Mike Marra holds a PhD in electrical engineering and works as a system engineer at Funai.
When Funai bought Lexmark’s inkjet-related technology and assets in 2013, Mike joined an internal group to help facilitate the transition, educating Funai engineers with various inkjet printer project details.
Historically, Mike has been a MATLAB user. MATLAB is a mathematical tool package that allows you to generate arrays of data, and then to plot and analyze them. MATLAB runs off a scripting language, so for Mike to use MATLAB he had to write specific programs to read his log data.
One advantage of Initial State, Mike explained, was that he didn’t have to write separate programs to read his log data files. He simply uploads the files and can immediately start looking for data anomalies.
As an example, the stats function in Waves provides Mike signal stats when he looks at inkjet printer paper feed data. Mike can look at the wave graph to understand how accurate the hundreds of tiny movements he makes are over time. In the below screenshot, Mike can see the time ranges in which most errors occur.
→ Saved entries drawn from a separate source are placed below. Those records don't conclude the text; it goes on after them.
(* Under the CRFE, assume additivity, i.e., the individual factorial-effect vectors $\boldsymbol{\tau}_i$ are the same for all units ($\boldsymbol{S}_{\tau\tau}=\boldsymbol{0}$). Then for each $1\le f\le F$, $\max_{1\le k\le F}\gamma^2_{fk}=\gamma^2_{ff}=R^2_f=S^{\parallel}_{11}/S_{11}$. Moreover, the squared multiple partial correlation between $\hat\tau_f$ and $\hat{\boldsymbol{\tau}}_x$ given $\hat{\boldsymbol{\tau}}_{x,f}$ is zero, i.e., the residuals from the linear projections of $\hat\tau_f$ and of $\hat{\boldsymbol{\tau}}_x$ on $\hat{\boldsymbol{\tau}}_{x,f}$ are uncorrelated. If further $n_1=\dots=n_Q=n/Q$, then $\gamma^2_{fk}=0$ for all $k\ne f$.
   Context: Setup ($2^K$ factorial experiment, finite population). $K\ge1$ two-level factors, $Q=2^K$ treatment combinations $q=1,\dots,Q$; combination $q$ sets factor $k$ at $\iota_k(q)\in\{-1,+1\}$, bijectively onto $\{-1,+1\}^K$. $F=Q-1$ factorial effects, one per nonempty $A\subseteq\{1,\dots,K\}$, enumerated $f=1,\dots,F$, with $g_{fq}=\prod_{k\in A}\iota_k(q)$; $\boldsymbol{b}_q=(g_{1q},\dots,g_{Fq})'$. Units $i=1,\dots,n$ have fixed potential outcomes $Y_i(q)$ and covariates $\boldsymbol{x}_i\in\mathbb{R}^L$; $\bar Y(q),\bar{\boldsymbol{x}}$ means; $\boldsymbol{\tau}_i=2^{-(K-1)}\sum_q\boldsymbol{b}_qY_i(q)$. Finite-population (co)variances with divisor $n-1$: $S_{11}$ variance of $Y(1)$; $\boldsymbol{S}_{\tau\tau}$ covariance of $\boldsymbol{\tau}_i$; $\boldsymbol{S}_{xx}$ of $\boldsymbol{x}$ (nonsingular); $\boldsymbol{S}_{q,x}$ between $Y(q)$ and $\boldsymbol{x}$. $S^{\parallel}_{11}=\boldsymbol{S}_{1,x}\boldsymbol{S}_{xx}^{-1}\boldsymbol{S}_{1,x}'$ (variance of the finite-population linear projection of $Y(1)$ on $\boldsymbol{x}$). CRFE: fixed $n_q\ge1$, $\sum n_q=n$; $\boldsymbol{Z}$ uniform over assignments with $n_q$ units in combination $q$; $\hat{\bar Y}(q),\hat{\bar{\boldsymbol{x}}}(q)$ group-$q$ means of observed outcomes $Y_i(Z_i)$ and covariates; $\hat{\boldsymbol{\tau}}=(\hat\tau_1,\dots,\hat\tau_F)'=2^{-(K-1)}\sum_q\boldsymbol{b}_q\hat{\bar Y}(q)$; $\hat{\boldsymbol{\tau}}_{x,f}=2^{-(K-1)}\sum_qg_{fq}\hat{\bar{\boldsymbol{x}}}(q)$, $\hat{\boldsymbol{\tau}}_x=(\hat{\boldsymbol{\tau}}_{x,1}',\dots,\hat{\boldsymbol{\tau}}_{x,F}')'$. All (co)variances/correlations are with respect to the CRFE randomization. $\gamma^2_{fk}=\mathrm{Cov}(\hat\tau_f,\hat{\boldsymbol{\tau}}_{x,k})\mathrm{Cov}(\hat{\boldsymbol{\tau}}_{x,k})^{-1}\mathrm{Cov}(\hat{\boldsymbol{\tau}}_{x,k},\hat\tau_f)/\mathrm{Var}(\hat\tau_f)$ is the squared multiple correlation between $\hat\tau_f$ and $\hat{\boldsymbol{\tau}}_{x,k}$, and $R^2_f$ the squared multiple correlation between $\hat\tau_f$ and $\hat{\boldsymbol{\tau}}_x$ (these are defined when $\mathrm{Var}(\hat\tau_f)>0$, i.e., $S_{11}>0$ under additivity). *)

theory Defs
  imports "HOL-Library.FuncSet" "Jordan_Normal_Form.Gauss_Jordan_Elimination"
begin

definition fmean :: "nat \<Rightarrow> (nat \<Rightarrow> real) \<Rightarrow> real" where
  "fmean n u = (\<Sum>i<n. u i) / real n"

definition fcov :: "nat \<Rightarrow> (nat \<Rightarrow> real) \<Rightarrow> (nat \<Rightarrow> real) \<Rightarrow> real" where
  "fcov n u v = (\<Sum>i<n. (u i - fmean n u) * (v i - fmean n v)) / (real n - 1)"

definition fcov_xx :: "nat \<Rightarrow> (nat \<Rightarrow> nat \<Rightarrow> real) \<Rightarrow> nat \<Rightarrow> real mat" where
  "fcov_xx n x L = mat L L (\<lambda>(l, m). fcov n (\<lambda>i. x i l) (\<lambda>i. x i m))"

definition fcov_ux :: "nat \<Rightarrow> (nat \<Rightarrow> real) \<Rightarrow> (nat \<Rightarrow> nat \<Rightarrow> real) \<Rightarrow> nat \<Rightarrow> real vec" where
  "fcov_ux n u x L = vec L (\<lambda>l. fcov n u (\<lambda>i. x i l))"

definition fproj_var :: "nat \<Rightarrow> (nat \<Rightarrow> real) \<Rightarrow> (nat \<Rightarrow> nat \<Rightarrow> real) \<Rightarrow> nat \<Rightarrow> real" where
  "fproj_var n u x L =
     fcov_ux n u x L \<bullet> (the (mat_inverse (fcov_xx n x L)) *\<^sub>v fcov_ux n u x L)"

text \<open>Assignments: unit i (i < n) receives combination Z i (< Q), exactly nq q units in
  combination q. The CRFE is the uniform distribution on this set.\<close>
definition crfe_assignments :: "nat \<Rightarrow> nat \<Rightarrow> (nat \<Rightarrow> nat) \<Rightarrow> (nat \<Rightarrow> nat) set" where
  "crfe_assignments n Q nq =
     {Z. Z \<in> {..<n} \<rightarrow>\<^sub>E {..<Q} \<and> (\<forall>q<Q. card {i\<in>{..<n}. Z i = q} = nq q)}"

definition rexp :: "(nat \<Rightarrow> nat) set \<Rightarrow> ((nat \<Rightarrow> nat) \<Rightarrow> real) \<Rightarrow> real" where
  "rexp A h = (\<Sum>Z\<in>A. h Z) / real (card A)"

definition rcov :: "(nat \<Rightarrow> nat) set \<Rightarrow> ((nat \<Rightarrow> nat) \<Rightarrow> real) \<Rightarrow> ((nat \<Rightarrow> nat) \<Rightarrow> real) \<Rightarrow> real" where
  "rcov A u v = rexp A (\<lambda>Z. u Z * v Z) - rexp A u * rexp A v"

definition rvar :: "(nat \<Rightarrow> nat) set \<Rightarrow> ((nat \<Rightarrow> nat) \<Rightarrow> real) \<Rightarrow> real" where
  "rvar A u = rcov A u u"

definition rcov_vec :: "(nat \<Rightarrow> nat) set \<Rightarrow> ((nat \<Rightarrow> nat) \<Rightarrow> real) \<Rightarrow> (nat \<Rightarrow> (nat \<Rightarrow> nat) \<Rightarrow> real) \<Rightarrow> nat \<Rightarrow> real vec" where
  "rcov_vec A u w d = vec d (\<lambda>j. rcov A u (w j))"

definition rcov_mat :: "(nat \<Rightarrow> nat) set \<Rightarrow> (nat \<Rightarrow> (nat \<Rightarrow> nat) \<Rightarrow> real) \<Rightarrow> nat \<Rightarrow> real mat" where
  "rcov_mat A w d = mat d d (\<lambda>(i, j). rcov A (w i) (w j))"

definition sq_mult_corr :: "(nat \<Rightarrow> nat) set \<Rightarrow> ((nat \<Rightarrow> nat) \<Rightarrow> real) \<Rightarrow> (nat \<Rightarrow> (nat \<Rightarrow> nat) \<Rightarrow> real) \<Rightarrow> nat \<Rightarrow> real" where
  "sq_mult_corr A u w d =
     (rcov_vec A u w d \<bullet> (the (mat_inverse (rcov_mat A w d)) *\<^sub>v rcov_vec A u w d)) / rvar A u"

text \<open>Residual of the linear projection of u on the random vector w (up to an additive
  constant, which does not affect covariances)\<close>
definition proj_coef :: "(nat \<Rightarrow> nat) set \<Rightarrow> ((nat \<Rightarrow> nat) \<Rightarrow> real) \<Rightarrow> (nat \<Rightarrow> (nat \<Rightarrow> nat) \<Rightarrow> real) \<Rightarrow> nat \<Rightarrow> real vec" where
  "proj_coef A u w d = the (mat_inverse (rcov_mat A w d)) *\<^sub>v rcov_vec A u w d"

definition proj_resid :: "(nat \<Rightarrow> nat) set \<Rightarrow> ((nat \<Rightarrow> nat) \<Rightarrow> real) \<Rightarrow> (nat \<Rightarrow> (nat \<Rightarrow> nat) \<Rightarrow> real) \<Rightarrow> nat \<Rightarrow> (nat \<Rightarrow> nat) \<Rightarrow> real" where
  "proj_resid A u w d = (\<lambda>Z. u Z - (\<Sum>j<d. proj_coef A u w d $ j * w j Z))"

definition group_mean :: "nat \<Rightarrow> (nat \<Rightarrow> nat \<Rightarrow> real) \<Rightarrow> (nat \<Rightarrow> nat) \<Rightarrow> nat \<Rightarrow> real" where
  "group_mean n V Z q = (\<Sum>i\<in>{i\<in>{..<n}. Z i = q}. V i q) / real (card {i\<in>{..<n}. Z i = q})"

definition fact_est :: "nat \<Rightarrow> nat \<Rightarrow> (nat \<Rightarrow> nat \<Rightarrow> real) \<Rightarrow> nat \<Rightarrow> (nat \<Rightarrow> nat \<Rightarrow> real) \<Rightarrow> nat \<Rightarrow> (nat \<Rightarrow> nat) \<Rightarrow> real" where
  "fact_est K Q g n V f Z = (1 / 2 ^ (K - 1)) * (\<Sum>q<Q. g f q * group_mean n V Z q)"

definition indiv_effect :: "nat \<Rightarrow> nat \<Rightarrow> (nat \<Rightarrow> nat \<Rightarrow> real) \<Rightarrow> (nat \<Rightarrow> nat \<Rightarrow> real) \<Rightarrow> nat \<Rightarrow> nat \<Rightarrow> real" where
  "indiv_effect K Q g Y i f = (1 / 2 ^ (K - 1)) * (\<Sum>q<Q. g f q * Y i q)"

end

theory Submission
  imports Defs "Jordan_Normal_Form.Determinant" "HOL-Combinatorics.Permutations"
begin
While Mike will often start in the Waves tool to find areas of interest, he’ll switch over to Lines to better understand the profiles of velocity the paper went through, accelerating and decelerating over time.
I asked Mike what additional features he’d like to see.
For one, he’d like to see a split-screen or multiple tab view option. In two days, Mike had uploaded dozens of data sets and subsequently had dozens of windows open. He’d like to more easily sync up time scales and view his velocity profiles alongside each other.
Secondly, Mike wants to share the data with his colleagues. Many of his Japanese coworkers use other tools, and he thinks that if he were able to easily share his visualized data that other engineers within Funai would adopt Initial State, streamlining log data debugging efforts across the company. [Note from Jamie – this feature will be released very soon!]
Finally, Mike would like to annotate or somehow add comments to the visualized data, so that when he shares it with his coworkers he can more clearly position the data.
Mike, thanks for chatting with us! You’re a valuable Beta user and we look forward to working with you down the road.